Starring: Elizabeth Moss (The Handmaid’s Tale), Oliver Jackson-Cohen (Faster), Aldis Hodge (Straight Outta Compton), Storm Reid (A Wrinkle in Time), Harriet Dyer (No Activity)
Writer/Director: Leigh Whannell (Upgrade)
Runtime: 2 hours 4 minutes
Release Date: 28th February (US, UK)
You’d think Universal taking their long history of horror classics and turning them into a major franchise in the middle of the cinematic universe boom would be a no brainer, but they’ve failed to several times over the past decade. After their biggest attempt (the so-called “Dark Universe”) flopped at the first hurdle with the dreadful reboot of The Mummy franchise, it seemed like it might be the end of the road for seeing the classic monsters on screen again.
Instead, they’ve taken a new tack: focus on individual projects with no connectivity, hire atypical and/or developing talent, and make them on a smaller scale. It’s an obvious but smart move, and one that ultimately serves its genre better than gargantuan blockbusters. Low budget horror maestros Blumhouse have stepped up to the plate first with Leigh Whannell’s contemporary take on H.G. Wells’ The Invisible Man, and on the first bat they’ve hit a home run. A genuinely distressing and topical psychological horror, this is a stellar example of how to update a classic concept to reflect modern fears.
Neither a straight-up adaptation of Wells’ novel or the 1933 film starring Claude Rains, this new version only takes the base premise of a manic genius turned invisible and instead crafts a new tale that examines those powers at their logical but morbid extreme. What could have easily been just another slasher flick with a sci-fi gimmick (i.e. Paul Verhoeven’s Hollow Man) instead takes a more cerebral approach, avoiding cheap thrills and keeping the audience in a constant nervous state. Despite its heightened premise, The Invisible Man depicts hard-hitting subjects like spousal abuse, post-traumatic stress and gaslighting with the seriousness they deserve. It expertly puts you in the mindset of its mentally frail protagonist as her grip on reality is gradually shattered, to the point I’d actively warn any viewers with a history of anxiety, depression and/or abuse to be aware of your mental health before watching. Much like The Babadook and Don’t Breathe, it understands that horror is most effective when grounded in humanity, if not necessarily reality, making for an experience that is harrowing yet beautiful.

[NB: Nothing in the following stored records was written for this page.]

lemma Dom_and_lagr_max_le:
  assumes "\<And>g. g \<in> Gam A0 A I \<Longrightarrow> lagr bb g x \<le> K"
  shows "x \<in> Dom" "lagr_max bb x \<le> K"
proof -
  show "x \<in> Dom" unfolding Dom_def
  proof (intro CollectI ballI)
    fix u assume u: "u \<in> U"
    have "lagr bb gs x + s * (u \<bullet> qvals A b c x) \<le> K" if "0 \<le> s" for s
      using assms[OF recession[OF u gs_in_Gam that]] by (simp add: lagr_add_ray)
    then show "u \<bullet> qvals A b c x \<le> 0" by (rule nonpos_of_bounded_ray)
  qed
  obtain t where "t \<in> T" "lagr bb t x = lagr_max bb x" by (rule lagr_max_attained)
  then show "lagr_max bb x \<le> K" using assms T_sub_Gam by force
qed

lemma continuous_on_lagr_max: "continuous_on S (lagr_max bb)"
  unfolding lagr_max_def[abs_def] using finite_T T_ne
  by (intro continuous_on_Max_finite continuous_on_lagr)

lemma closed_Dom: "closed Dom"
proof -
  have "continuous_on UNIV (\<lambda>x. u \<bullet> qvals A b c x)" for u
    unfolding qf_lin[symmetric] by (rule continuous_on_qf)
  then have "closed {x. u \<bullet> qvals A b c x \<le> 0}" for u
    by (intro closed_Collect_le continuous_on_const)
  moreover have "Dom = (\<Inter>u\<in>U. {x. u \<bullet> qvals A b c x \<le> 0})" by (auto simp: Dom_def)
  ultimately show ?thesis by (auto intro!: closed_INT)
qed

text \<open>Coercivity of \<open>L(\<gamma>\<^sup>*, \<cdot>) \<le> lagr_max\<close> makes the sublevel sets of \<open>lagr_max\<close> on \<open>Dom\<close> compact.\<close>
lemma lagr_max_attains_min:
  assumes x0: "x0 \<in> Dom"
  obtains xh where "xh \<in> Dom" "\<And>y. y \<in> Dom \<Longrightarrow> lagr_max bb xh \<le> lagr_max bb y"
proof -
  obtain R where R: "\<And>\<beta> x. norm \<beta> \<le> norm (bgam bb b gs) \<Longrightarrow>
      qf (Agam A0 A gs) \<beta> (c0 + clin c gs) x \<le> lagr_max bb x0 \<Longrightarrow> norm x \<le> R"
    using qf_sublevel_bounded[OF pd_gs] by blast
  define K where "K = Dom \<inter> {x. lagr_max bb x \<le> lagr_max bb x0}"
  have "closed K"
    unfolding K_def using closed_Dom continuous_on_lagr_max
    by (intro closed_Int closed_Collect_le continuous_on_const) auto
  moreover have "bounded K"
    unfolding bounded_iff
  proof (intro exI ballI)
    fix x assume "x \<in> K"
    then have "qf (Agam A0 A gs) (bgam bb b gs) (c0 + clin c gs) x \<le> lagr_max bb x0"
      using lagr_le_lagr_max[OF gs_in_Gam, of x bb] by (auto simp: K_def lagr_eq_qf)
    then show "norm x \<le> R" using R by blast
  qed
  ultimately have "compact K" by (simp add: compact_eq_bounded_closed)
  moreover have "K \<noteq> {}" using x0 by (auto simp: K_def)
  ultimately obtain xh where "xh \<in> K" "\<forall>y\<in>K. lagr_max bb xh \<le> lagr_max bb y"
    using continuous_attains_inf[OF _ _ continuous_on_lagr_max] by blast
  then show ?thesis
    using that[of xh] by (fastforce simp: K_def)
qed

lemma argmax_face_face_of:
  assumes "x \<in> Dom"
  shows "argmax_face bb x face_of Gam A0 A I"
proof -
  have "argmax_face bb x = Gam A0 A I \<inter> {g. qvals A b c x \<bullet> g = lagr_max bb x - qf A0 bb c0 x}"
    by (auto simp: argmax_face_def lagr_def inner_commute)
  also have "\<dots> face_of Gam A0 A I"
  proof (intro face_of_Int_supporting_hyperplane_le convex_Gam)
    fix g assume "g \<in> Gam A0 A I"
    from lagr_le_lagr_max[OF this assms, of bb]
    show "qvals A b c x \<bullet> g \<le> lagr_max bb x - qf A0 bb c0 x"
      unfolding lagr_def inner_commute[of g] by linarith
  qed
  finally show ?thesis .
qed

lemma argmax_face_recession:
  assumes "g \<in> argmax_face bb x" "u \<in> U" "u \<bullet> qvals A b c x = 0" "0 \<le> s"
  shows "g + s *\<^sub>R u \<in> argmax_face bb x"
  using assms recession by (auto simp: argmax_face_def lagr_add_ray)
(* Let $(X,d,f)$ be a TDS. If $\widetilde h_{top}(f,X)=h_{top}(f,X)$, then $$h_{top}(f,X)=\lim_{\varepsilon\to0}\lim_{\alpha\to0}h^\alpha_{top}(f,X,\varepsilon)=\sup_{\varepsilon>0}\inf_{\alpha>0}h^\alpha_{top}(f,X,\varepsilon).$$
   Context: A TDS $(X,d,f)$: compact metric space and continuous $f$; $h_{top}(f,X)$ is the classical topological entropy. $d_n^\alpha(x,y)=\max_{0\le i\le n-1}e^{\alpha i}d(f^ix,f^iy)$; $r_n(f,\alpha,X,\varepsilon)$ is the minimal cardinality of a set $E$ such that every $x\in X$ has $y\in E$ with $d_n^\alpha(x,y)<\varepsilon$; $h^\alpha_{top}(f,X,\varepsilon)=\limsup_{n\to\infty}\frac1n\log r_n(f,\alpha,X,\varepsilon)$. Neutralized topological entropy: $B_n(x,r)=\{y:d(f^jx,f^jy)<r,\ 0\le j\le n-1\}$; $r_n(X,e^{-n\varepsilon})$ is the smallest number of balls $B_n(x,e^{-n\varepsilon})$ needed to cover $X$; $\widetilde h_{top}(f,X,\varepsilon)=\limsup_{n\to\infty}\frac1n\log r_n(X,e^{-n\varepsilon})$ and $\widetilde h_{top}(f,X)=\lim_{\varepsilon\to0}\widetilde h_{top}(f,X,\varepsilon)$. *)

theory Defs
  imports "HOL-Analysis.Analysis"
begin
lemma has_bochner_integral_indep_choice:
  fixes A :: "'a \<Rightarrow> 'b" and h_u h_v :: "'c \<Rightarrow> real"
  assumes "finite_measure M" and [measurable]: "A \<in> measurable M (count_space UNIV)"
    and "X \<in> measurable M N"
    and indep: "\<forall>x. \<forall>B\<in>sets N. measure M {w \<in> space M. A w = x \<and> X w \<in> B}
                   = measure M {w \<in> space M. A w = x} * measure M {w \<in> space M. X w \<in> B}"
    and "has_bochner_integral (distr M N X) h_u c_u" and "has_bochner_integral (distr M N X) h_v c_v"
  shows "has_bochner_integral M
           (\<lambda>w. (if A w = u then h_u (X w) else 0) + (if A w = v then h_v (X w) else 0))
           (measure M {w \<in> space M. A w = u} * c_u + measure M {w \<in> space M. A w = v} * c_v)"
proof -
  have event: "{w \<in> space M. A w = x} \<in> sets M" for x
    by measurable
  have "has_bochner_integral M (\<lambda>w. if A w = x then h (X w) else 0) (measure M {w \<in> space M. A w = x} * c)"
    if "has_bochner_integral (distr M N X) h c" for x h c
    by (rule has_bochner_integral_indep_event[OF assms(1,3) event spec[OF indep] that])
  from this[OF assms(5)] this[OF assms(6)] show ?thesis
    by (rule has_bochner_integral_add)
qed

lemma adoption_integrand_split:
  fixes x y :: real
  assumes "u \<noteq> v"
  shows "((if a = u \<and> x > 0 then 1 else 0) + (if a = v \<and> y > 0 then 1 else 0)) * (x + y)
    = (if a = u then indicator {0<..} x * (x + y) else 0) + (if a = v then indicator {0<..} y * (x + y) else 0)"
  using assms by (simp add: indicator_def)
locale lr_module =
  fixes sc :: "complex \<Rightarrow> 'v::ab_group_add \<Rightarrow> 'v"
    and Y :: "'v \<Rightarrow> int \<Rightarrow> 'v \<Rightarrow> 'v"
    and vac :: 'v
    and scW :: "complex \<Rightarrow> 'w::ab_group_add \<Rightarrow> 'w"
    and YW :: "(('r::finite \<Rightarrow> int) \<Rightarrow>\<^sub>0 'v) \<Rightarrow> int \<Rightarrow> 'w \<Rightarrow> 'w"
  assumes vertex_algebra: "vertex_algebra sc Y vac"
    and lr_vertex_module: "vertex_module (lr_scale sc) (lr_Y Y) (lr_vac vac) scW YW"
begin

sublocale V: va_module sc Y vac sc Y
  using vertex_algebra by unfold_locales (simp add: vertex_algebra_def)

sublocale W: va_module "lr_scale sc" "lr_Y Y" "lr_vac vac" scW YW
  by unfold_locales (rule lr_vertex_module)

lemma lr_scale_single: "lr_scale sc c (Poly_Mapping.single k v) = Poly_Mapping.single k (sc c v)"
  by (cases "v = 0") (simp_all add: lr_scale_def)

definition monomial_op :: "('r \<Rightarrow> int) \<Rightarrow> 'w \<Rightarrow> 'w" where
  "monomial_op k = YW (Poly_Mapping.single k vac) (-1)"

lemma lr_Y_single:
  "lr_Y Y (Poly_Mapping.single k u) j (Poly_Mapping.single k' v) =
   Poly_Mapping.single (\<lambda>i. k i + k' i) (Y u j v)"
  by (cases "u = 0"; cases "v = 0") (simp_all add: lr_Y_def)

lemma lr_Y_vacuum_single: "j \<noteq> -1 \<Longrightarrow> lr_Y Y (Poly_Mapping.single k vac) j G = 0"
  by (simp add: lr_Y_def V.vacuum_modes)

lemma modes_vacuum_single: "j \<noteq> -1 \<Longrightarrow> YW (Poly_Mapping.single k vac) j w = 0"
  by (rule W.modes_eq_0_if_vacuum_like) (simp_all add: lr_vac_def lr_Y_single V.vacuum_modes)

lemma monomial_op_commute: "monomial_op k (YW F n w) = YW F n (monomial_op k w)"
  unfolding monomial_op_def by (rule W.modes_commute) (simp add: lr_Y_vacuum_single)

lemma modes_single_eq:
  "YW (Poly_Mapping.single k x) n w = monomial_op k (YW (Poly_Mapping.single (\<lambda>i. 0) x) n w)"
proof -
  have "lr_Y Y (Poly_Mapping.single k vac) (-1) (Poly_Mapping.single (\<lambda>i. 0) x) =
        Poly_Mapping.single k x"
    by (simp add: lr_Y_single V.vacuum_modes)
  then show ?thesis
    unfolding monomial_op_def using W.mode_minus_one_product[OF modes_vacuum_single] by metis
qed

lemma monomial_op_mult: "monomial_op k (monomial_op k' w) = monomial_op (\<lambda>i. k i + k' i) w"
proof -
  have "lr_Y Y (Poly_Mapping.single k vac) (-1) (Poly_Mapping.single k' vac) =
        Poly_Mapping.single (\<lambda>i. k i + k' i) vac"
    by (simp add: lr_Y_single V.vacuum_modes)
  then show ?thesis
    unfolding monomial_op_def using W.mode_minus_one_product[OF modes_vacuum_single] by metis
qed

lemma monomial_op_zero: "monomial_op (\<lambda>i. 0) w = w"
  using W.vacuum_modes by (simp add: monomial_op_def lr_vac_def)

lemma linear_modes_single: "Vector_Spaces.linear sc scW (\<lambda>x. YW (Poly_Mapping.single k x) n w)"
proof -
  interpret L: Vector_Spaces.linear "lr_scale sc" scW "\<lambda>u. YW u n w" by (rule W.linear_modes_left)
  show ?thesis
    unfolding Vector_Spaces.linear_iff
  proof (intro conjI allI)
    show "YW (Poly_Mapping.single k (x + y)) n w
        = YW (Poly_Mapping.single k x) n w + YW (Poly_Mapping.single k y) n w" for x y
      using L.add[of "Poly_Mapping.single k x" "Poly_Mapping.single k y"] by (simp add: single_add)
    show "YW (Poly_Mapping.single k (sc c x)) n w = scW c (YW (Poly_Mapping.single k x) n w)" for c x
      using L.scale[of c "Poly_Mapping.single k x"] by (simp add: lr_scale_single)
  qed (fact V.vector_space_axioms W.vector_space_axioms)+
qed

Much of The Invisible Man’s success lies at the feet of star Elizabeth Moss, who delivers a phenomenal performance as our paranoid protagonist Cecilia. Tragic and relatable in equal measure, her depiction of PTSD puts most serious dramas to shame and gives a valuable voice to survivors in the wake of the #MeToo era. However, despite her mental instability, the film avoids making her a helpless victim and Moss keeps the character grounded in reality even as the story grows increasingly high-concept. Much like Toni Collette in Hereditary and Lupita Nyong’o in Us, it is an awards-worthy performance in a genre picture that is likely to be overlooked by the prestige crowd. The supporting cast delivers capably, especially Aldis Hodge as Cecilia’s friend and confidante and Storm Reid as Hodge’s daughter, whilst Harriet Dyer is decent enough as Cecilia’s beleaguered sister Emily (though her personality does rapidly shift between scenes). Of course there is the titular character himself and, though he is rarely seen or heard, Oliver Jackson-Cohen gives an eerily understated performance as Adrian Griffin. Playing the role like a sociopathic Tony Stark, his on-screen time is brief but effective, crafting a terrifying horror villain who’s evil feels all too real.
Making a film that involves invisibility can be super-tricky, as it is far too easy to make it look ridiculous as actors seemingly flail about at nothing. Luckily, Leigh Whannell’s direction focuses more on what we can’t see than what we can, building suspense through long takes and unnerving camera pans. That’s not to say the film is without action or violence, but they are intelligently staged and feel earned after waiting and watching the frame for Griffin to strike. Whannell’s experience with unconventional action on Upgrade becomes evident during these most intense moments, and his ability to pull off these sequences on such a low budget is especially impressive. The cinematography is strong but the camera operating is especially stellar, whilst the film’s tremendous sound design and Benjamin Wallfisch’s haunting score give the film some great auditory heft.
The Invisible Man is a perfect blend of high-concept and grounded horror, tapping into the zeitgeist and delivering a haunting parable about psychological abuse. Whilst undeniably a horror film at its core, it also transcends the genre to the point where non-horror fans will find something to enjoy. Whilst it certainly doesn’t linger on Universal’s past mistakes, its success proves that you don’t need gigantic budgets, a shared universe or celebrity stunt casting to reinvent the Universal Monsters brand. Though perhaps not as ingenious or revolutionary a take as, say, Jordan Peele’s recent output, it is still a brilliant testament to how the best horror takes our real-life anxieties and warps them into debilitating nightmares. Heed the trigger warnings beforehand, but absolutely go see it if you can!